The thin man passed his ticket to the stewardess at the mouth of the jetway, and boarded flight 54 to National Airport in Washington, D.C.

TWELVE

Flickering screen, grainy image, the whir of the projector on a rickety wooden desk, four men sitting around the desk on uncomfortable straight chairs, watching people die. Three Chinese men in gray pajamas kneel before a pit, three soldiers shoot them in the back of the head. They fall forward in unison. A machine gun mounted on the back of a truck shoots down a row of naked civilians of all ages and both sexes. Nazis in Poland. Old NKVD footage: a prisoner brought into a small room, is seated on a chair, as at a concert. Behind the prisoner’s head, a little door like a dumbwaiter opens: a slight puff of pale smoke and the man falls forward. Various African executions next, obscure and degrading. One famous one: the Vietnamese colonel executing the prisoner with a pistol after the Tet attacks.

“Watch this one, it’s the only nonexecution,” said V.T.

Wartime, a trench filled with men dressed in motley uniforms, many sporting crossbelts, bandoliers, and odd black, tasseled hats. The men scramble out of the trench and one of them, on rising above the protection of the earth, is struck in the head by a bullet. His head jerks away from the shot, a cloud of dark material seems to rise from his skull like a departing soul, the tassel on his hat bounces up, obscenely playful, and he is flung backward into the trench.

For nearly twenty minutes they watched gunshot deaths representing nearly every one of the monstrous governments and antigovernments the century has produced in such profusion. Karp, watching, wondered how the victims kept their apparent equanimity. None of them looked like they were going to the beach, but neither did they seem particularly concerned. One woman, standing in her underwear before the guns, smoothed the hair of her daughter, as if they were posing for a photograph. All the victims had but one thing in common: when the bullets struck them, they fell or jerked
away
from the shots, which was the point of the present show.

The film whipped out of the slot and chattered, the screen went white. V.T. clicked off the projector and switched on the lights. Karp and the two other men blinked and stretched. To break the silence, Karp said, “What, no cartoons?”

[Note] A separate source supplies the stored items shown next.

text \<open>The multiplier \<open>1 / (n * Z n)\<close> of the telescoping sum in \<^term>\<open>R\<close> is chosen so that
  the cubic terms cancel here, which makes \<^term>\<open>R\<close> of order \<open>1/n\<close>.\<close>

lemma remainder_eq:
  assumes n: "0 < n" and \<alpha>: "real n + \<alpha> \<noteq> 0"
  shows "real n * Z n * R n k =
    2 * \<alpha> * \<beta> + ((\<delta> + 1) * (1 - a) - 2 * \<beta> - 2 * \<alpha> - \<alpha> * \<beta>) * real k + (a - \<delta> + \<alpha> + \<beta>) * (real k)\<^sup>2
    + (2 * \<beta> + 2 * \<alpha> * \<beta>) * real n + (2 - 2 * a - 3 * \<beta> - 2 * \<alpha>) * real n * real k
      + 2 * \<beta> * (real n)\<^sup>2
    - real n * (1 - \<delta>) * (real n + \<alpha>) * real k / (2 * real n + \<delta> + 1)"
proof -
  define W where "W = 2 * real n + \<delta> + 1"
  have W: "W > 0" and Z: "Z n \<noteq> 0"
    using \<delta>_pos \<alpha> by (auto simp: W_def Z_def add_pos_nonneg)
  have "real n * Z n * R n k = real n * Z n * ((W - real k) / W)
      - 2 * real n * ((2 * real n + 2 - real k) * (real n + \<alpha> - real k)) - (P n k - H n k)"
    using n Z unfolding R_def W_def by (simp add: field_simps)
  also have "real n * Z n * ((W - real k) / W) =
      real n * Z n - real n * (real n + \<alpha>) * real k - real n * (1 - \<delta>) * (real n + \<alpha>) * real k / W"
  proof -
    have "Z n = (real n + \<alpha>) * W + (1 - \<delta>) * (real n + \<alpha>)"
      unfolding Z_def W_def by (simp add: algebra_simps)
    then show ?thesis
      using W by (simp only:) (simp add: field_simps)
  qed
  finally show ?thesis
    unfolding W_def Z_def P_def H_def power2_eq_square by (simp add: algebra_simps)
qed

definition scale :: real where
  "scale = \<bar>\<alpha>\<bar> + \<bar>\<beta>\<bar> + a + \<delta> + 10"

lemma scale_bounds:
  "\<alpha> + 10 \<le> scale" "10 - \<alpha> \<le> scale" "\<beta> + 10 \<le> scale" "10 - \<beta> \<le> scale"
  "a + 10 \<le> scale" "\<delta> + 10 \<le> scale"
  using a_pos \<delta>_pos abs_ge_self[of \<alpha>] abs_ge_minus_self[of \<alpha>]
    abs_ge_self[of \<beta>] abs_ge_minus_self[of \<beta>]
  unfolding scale_def by linarith+

lemma Z_lower:
  assumes n: "25 * scale + 75 \<le> real n"
  shows "(real n)\<^sup>2 \<le> Z n"
proof -
  have "2 * real n * (real n / 2) \<le> (2 * real n + 2) * (real n + \<alpha>)"
    by (rule mult_mono) (use n scale_bounds in linarith)+
  then show ?thesis
    by (simp add: Z_def power2_eq_square)
qed

lemma Z_pos:
  assumes n: "25 * scale + 75 \<le> real n"
  shows "0 < Z n"
  unfolding Z_def using n scale_bounds by (intro mult_pos_pos) linarith+

lemma remainder_fraction_bound:
  assumes n1: "1 \<le> real n" and kn: "real k \<le> 2 * real n + 1"
  shows "\<bar>real n * (1 - \<delta>) * (real n + \<alpha>) * real k / (2 * real n + \<delta> + 1)\<bar>
    \<le> \<bar>1 - \<delta>\<bar> * (1 + \<bar>\<alpha>\<bar>) * (real n)\<^sup>2"
proof -
  have W: "0 < 2 * real n + \<delta> + 1" "real k / (2 * real n + \<delta> + 1) \<le> 1"
    using kn \<delta>_pos by simp_all
  have "\<bar>real n + \<alpha>\<bar> \<le> real n * (1 + \<bar>\<alpha>\<bar>)"
    using n1 abs_triangle_ineq[of "real n" \<alpha>] mult_left_mono[OF n1, of "\<bar>\<alpha>\<bar>"]
    by (simp add: algebra_simps)
  then have \<alpha>: "real n * \<bar>1 - \<delta>\<bar> * \<bar>real n + \<alpha>\<bar> \<le> real n * \<bar>1 - \<delta>\<bar> * (real n * (1 + \<bar>\<alpha>\<bar>))"
    by (rule mult_left_mono) simp
  have "\<bar>real n * (1 - \<delta>) * (real n + \<alpha>) * real k / (2 * real n + \<delta> + 1)\<bar>
      = real n * \<bar>1 - \<delta>\<bar> * \<bar>real n + \<alpha>\<bar> * (real k / (2 * real n + \<delta> + 1))"
    using W(1) by (simp add: abs_mult abs_divide)
  also have "\<dots> \<le> real n * \<bar>1 - \<delta>\<bar> * (real n * (1 + \<bar>\<alpha>\<bar>)) * 1"
    by (rule mult_mono) (use W \<alpha> in simp_all)
  also have "\<dots> = \<bar>1 - \<delta>\<bar> * (1 + \<bar>\<alpha>\<bar>) * (real n)\<^sup>2"
    by (simp add: power2_eq_square algebra_simps)
  finally show ?thesis .
qed
(* Fix real numbers $\lambda>0$, $\beta>0$, $\alpha>1$ and $T_{cl}>0$. Let $(N_k)_{k\ge1}$ be positive integers with $N_k\to\infty$, and let $m_k,c_k$ be positive integers with $m_kc_k=N_k$, $m_k\to\infty$ and $c_k\to\infty$. Define $$a_k=\frac{\lambda\beta\alpha m_k}{\alpha m_k-1},\qquad P_{b,k}=\frac{a_k^{c_k}/c_k!}{\sum_{j=0}^{c_k}a_k^{j}/j!},\qquad \mathbb{E}[T_{\text{sys},k}]=\frac{\beta\alpha m_k}{\alpha m_k-1}(1-P_{b,k})+T_{cl}\,P_{b,k}.$$ Then $\lim_{k\to\infty}\mathbb{E}[T_{\text{sys},k}]=\beta$.
   Context: Model: an edge system with $N$ workers is split into $c$ groups of $m$ workers ($N=mc$); jobs arrive as a Poisson process of rate $\lambda$, each job is replicated on the $m$ workers of a free group, and jobs finding all groups busy are blocked and sent to the cloud, where they take expected time $T_{cl}$. Worker service times are Pareto $\mathrm{Pareto}(\beta,\alpha)$ ($\Pr(X>x)=(\beta/x)^\alpha$ for $x\ge\beta$, $\alpha>1$), so the job-computing time (minimum of $m$ copies) has mean $\frac{\beta m\alpha}{m\alpha-1}$. The blocking probability is the Erlang B formula with $c$ servers and offered load $\lambda\frac{\beta m\alpha}{m\alpha-1}$, and the average system time is $(1-P_b)\mathbb{E}[T_{\text{job}}]+P_b T_{cl}$. *)

theory Defs
  imports "HOL-Analysis.Analysis"
begin

definition offered_load :: "real \<Rightarrow> real \<Rightarrow> real \<Rightarrow> nat \<Rightarrow> real" where
  "offered_load lam beta alpha m = lam * beta * alpha * real m / (alpha * real m - 1)"

definition erlang_B :: "nat \<Rightarrow> real \<Rightarrow> real" where
  "erlang_B c a = (a ^ c / fact c) / (\<Sum>j = 0..c. a ^ j / fact j)"

definition avg_sys_time :: "real \<Rightarrow> real \<Rightarrow> real \<Rightarrow> real \<Rightarrow> nat \<Rightarrow> nat \<Rightarrow> real" where
  "avg_sys_time lam beta alpha Tcl m c =
     (let Pb = erlang_B c (offered_load lam beta alpha m) in
      beta * alpha * real m / (alpha * real m - 1) * (1 - Pb) + Tcl * Pb)"

end

theory Submission
  imports Defs
begin

text \<open>The mean job-computing time \<open>\<beta>\<alpha>m/(\<alpha>m - 1)\<close> tends to \<open>\<beta>\<close> as
  \<open>m \<rightarrow> \<infinity>\<close> and is bounded by \<open>\<beta>\<alpha>/(\<alpha> - 1)\<close>, so the offered loads stay in a
  fixed interval \<open>[0, A]\<close>. The Erlang B probability is at most its numerator
  \<open>a\<^sup>c/c!\<close>, because the denominator contains the term \<open>1\<close>; hence it is at most
  \<open>A\<^sup>c/c!\<close>, which vanishes as \<open>c \<rightarrow> \<infinity>\<close>.\<close>

definition mean_job_time :: "real \<Rightarrow> real \<Rightarrow> nat \<Rightarrow> real" where
  "mean_job_time beta alpha m = beta * alpha * real m / (alpha * real m - 1)"

lemma offered_load_eq: "offered_load lam beta alpha m = lam * mean_job_time beta alpha m"
  unfolding offered_load_def mean_job_time_def by simp

lemma avg_sys_time_eq:
  "avg_sys_time lam beta alpha Tcl m c =
     mean_job_time beta alpha m * (1 - erlang_B c (offered_load lam beta alpha m))
     + Tcl * erlang_B c (offered_load lam beta alpha m)"
  unfolding avg_sys_time_def mean_job_time_def Let_def by simp

lemma mean_job_time_nonneg:
  assumes "beta \<ge> 0" and "alpha \<ge> 1" and "m > 0"
  shows "mean_job_time beta alpha m \<ge> 0"
proof -
  have "alpha * real m \<ge> 1 * 1"
    using assms(2,3) by (intro mult_mono) auto
  then show ?thesis
    unfolding mean_job_time_def using assms(1,2) by simp
qed

lemma mean_job_time_eq_inverse_form:
  assumes "m > 0"
  shows "mean_job_time beta alpha m = beta * alpha / (alpha - 1 / real m)"
  unfolding mean_job_time_def using assms by (simp add: field_simps)

lemma mean_job_time_le:
  assumes "beta \<ge> 0" and "alpha > 1" and "m > 0"
  shows "mean_job_time beta alpha m \<le> beta * alpha / (alpha - 1)"
proof -
  have "1 / real m \<le> 1"
    using assms(3) by simp
  then have "beta * alpha / (alpha - 1 / real m) \<le> beta * alpha / (alpha - 1)"
    using assms(1,2) by (intro divide_left_mono mult_pos_pos) auto
  then show ?thesis
    using mean_job_time_eq_inverse_form[OF assms(3)] by simp
qed

lemma tendsto_mean_job_time:
  assumes "alpha \<noteq> 0" and "filterlim m at_top sequentially"
  shows "(\<lambda>k. mean_job_time beta alpha (m k)) \<longlonglongrightarrow> beta"
proof -
  have "filterlim (\<lambda>k. real (m k)) at_top sequentially"
    using filterlim_compose[OF filterlim_real_sequentially assms(2)] by simp
  then have "(\<lambda>k. 1 / real (m k)) \<longlonglongrightarrow> 0"
    by (intro tendsto_divide_0[OF tendsto_const] filterlim_at_top_imp_at_infinity)
  then have "(\<lambda>k. beta * alpha / (alpha - 1 / real (m k))) \<longlonglongrightarrow> beta * alpha / (alpha - 0)"
    using assms(1) by (intro tendsto_intros) auto
  moreover have "eventually (\<lambda>k. m k > 0) sequentially"
    using filterlim_at_top[THEN iffD1, OF assms(2), rule_format, of 1]
    by (auto elim: eventually_mono)
  then have "eventually (\<lambda>k. beta * alpha / (alpha - 1 / real (m k)) =
      mean_job_time beta alpha (m k)) sequentially"
    by (auto elim: eventually_mono simp: mean_job_time_eq_inverse_form)
  ultimately show ?thesis
    using assms(1) by (simp add: tendsto_cong)
qed

lemma erlang_B_nonneg: "a \<ge> 0 \<Longrightarrow> erlang_B c a \<ge> 0"
  unfolding erlang_B_def by (intro divide_nonneg_nonneg sum_nonneg) auto

lemma erlang_B_le_numerator:
  assumes "a \<ge> 0"
  shows "erlang_B c a \<le> a ^ c / fact c"
proof -
  have "(\<Sum>j\<in>{0}. a ^ j / fact j) \<le> (\<Sum>j = 0..c. a ^ j / fact j)"
    using assms by (intro sum_mono2) auto
  then have "1 \<le> (\<Sum>j = 0..c. a ^ j / fact j)"
    by simp
  then have "erlang_B c a \<le> (a ^ c / fact c) / 1"
    unfolding erlang_B_def using assms by (intro divide_left_mono) auto
  then show ?thesis
    by simp
qed

lemma erlang_B_tendsto_zero:
  assumes "\<And>k. 0 \<le> a k" and "\<And>k. a k \<le> A"
    and "filterlim c at_top sequentially"
  shows "(\<lambda>k. erlang_B (c k) (a k)) \<longlonglongrightarrow> 0"
proof (rule tendsto_sandwich[where f = "\<lambda>_. 0" and h = "\<lambda>k. A ^ c k / fact (c k)"])
  have "(\<lambda>n. inverse (fact n) * A ^ n) \<longlonglongrightarrow> 0"
    by (rule summable_LIMSEQ_zero[OF summable_exp])
  then have "(\<lambda>n. A ^ n / fact n) \<longlonglongrightarrow> 0"
    by (simp add: field_simps)
  then show "(\<lambda>k. A ^ c k / fact (c k)) \<longlonglongrightarrow> 0"
    using filterlim_compose[OF _ assms(3)] by blast
  have "erlang_B (c k) (a k) \<le> A ^ c k / fact (c k)" for k
    using erlang_B_le_numerator[OF assms(1)] assms(1,2)
    by (meson divide_right_mono fact_ge_zero order_trans power_mono)
  then show "eventually (\<lambda>k. erlang_B (c k) (a k) \<le> A ^ c k / fact (c k)) sequentially"
    by simp
qed (use erlang_B_nonneg[OF assms(1)] in auto)

theorem lemma3:
  fixes lam beta alpha Tcl :: real and N m c :: "nat \<Rightarrow> nat"
  assumes "lam > 0" and "beta > 0" and "alpha > 1" and "Tcl > 0"
    and "\<And>k. N k > 0" and "\<And>k. m k > 0" and "\<And>k. c k > 0"
    and "\<And>k. m k * c k = N k"
    and "filterlim N at_top sequentially"
    and "filterlim m at_top sequentially"
    and "filterlim c at_top sequentially"
  shows "(\<lambda>k. avg_sys_time lam beta alpha Tcl (m k) (c k)) \<longlonglongrightarrow> beta"
proof -
  let ?P = "\<lambda>k. erlang_B (c k) (offered_load lam beta alpha (m k))"
  have "offered_load lam beta alpha (m k) \<ge> 0" for k
    unfolding offered_load_eq using assms(1-3,6) mean_job_time_nonneg by simp
  moreover have "offered_load lam beta alpha (m k) \<le> lam * (beta * alpha / (alpha - 1))" for k
    unfolding offered_load_eq using assms(1-3,6) mean_job_time_le
    by (intro mult_left_mono) auto
  ultimately have "?P \<longlonglongrightarrow> 0"
    by (rule erlang_B_tendsto_zero[OF _ _ assms(11)])
  moreover have "(\<lambda>k. mean_job_time beta alpha (m k)) \<longlonglongrightarrow> beta"
    using assms(3,10) by (intro tendsto_mean_job_time) auto
  ultimately have "(\<lambda>k. mean_job_time beta alpha (m k) * (1 - ?P k) + Tcl * ?P k)
      \<longlonglongrightarrow> beta * (1 - 0) + Tcl * 0"
    by (intro tendsto_intros)
  then show ?thesis
    unfolding avg_sys_time_eq by simp
qed

end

The laughter was brief and uncomfortable, and Karp was annoyed at himself for the flippancy. He looked around the room at the men. V.T. displayed his usual bland, contained exterior, although there were still those dark circles under his eyes that Karp did not recall from their years together in New York. Jim Phelps, the photo expert, appeared grim and suspicious, as he did when viewing any film that he had not personally examined with a hand lens. He tapped nervously on a pile of manila envelopes he had brought with him, as if anxious for his part of the session to begin. The fourth man, Dr. Casper Wendt, seemed most affected by the film. The coroner of a large Midwestern city, Wendt was a vociferous member of the forensic pathology panel Karp had set up. Although he had seen any number of dead bodies in his practice, he was obviously less familiar with the actual process that rendered them so, although he was also one of the great students of all the Kennedy assassination amateur films. Wendt was thin and tall with glabrous blue eyes and a prim, reserved expression. Pale and distracted now, he absently polished his glasses on his tie.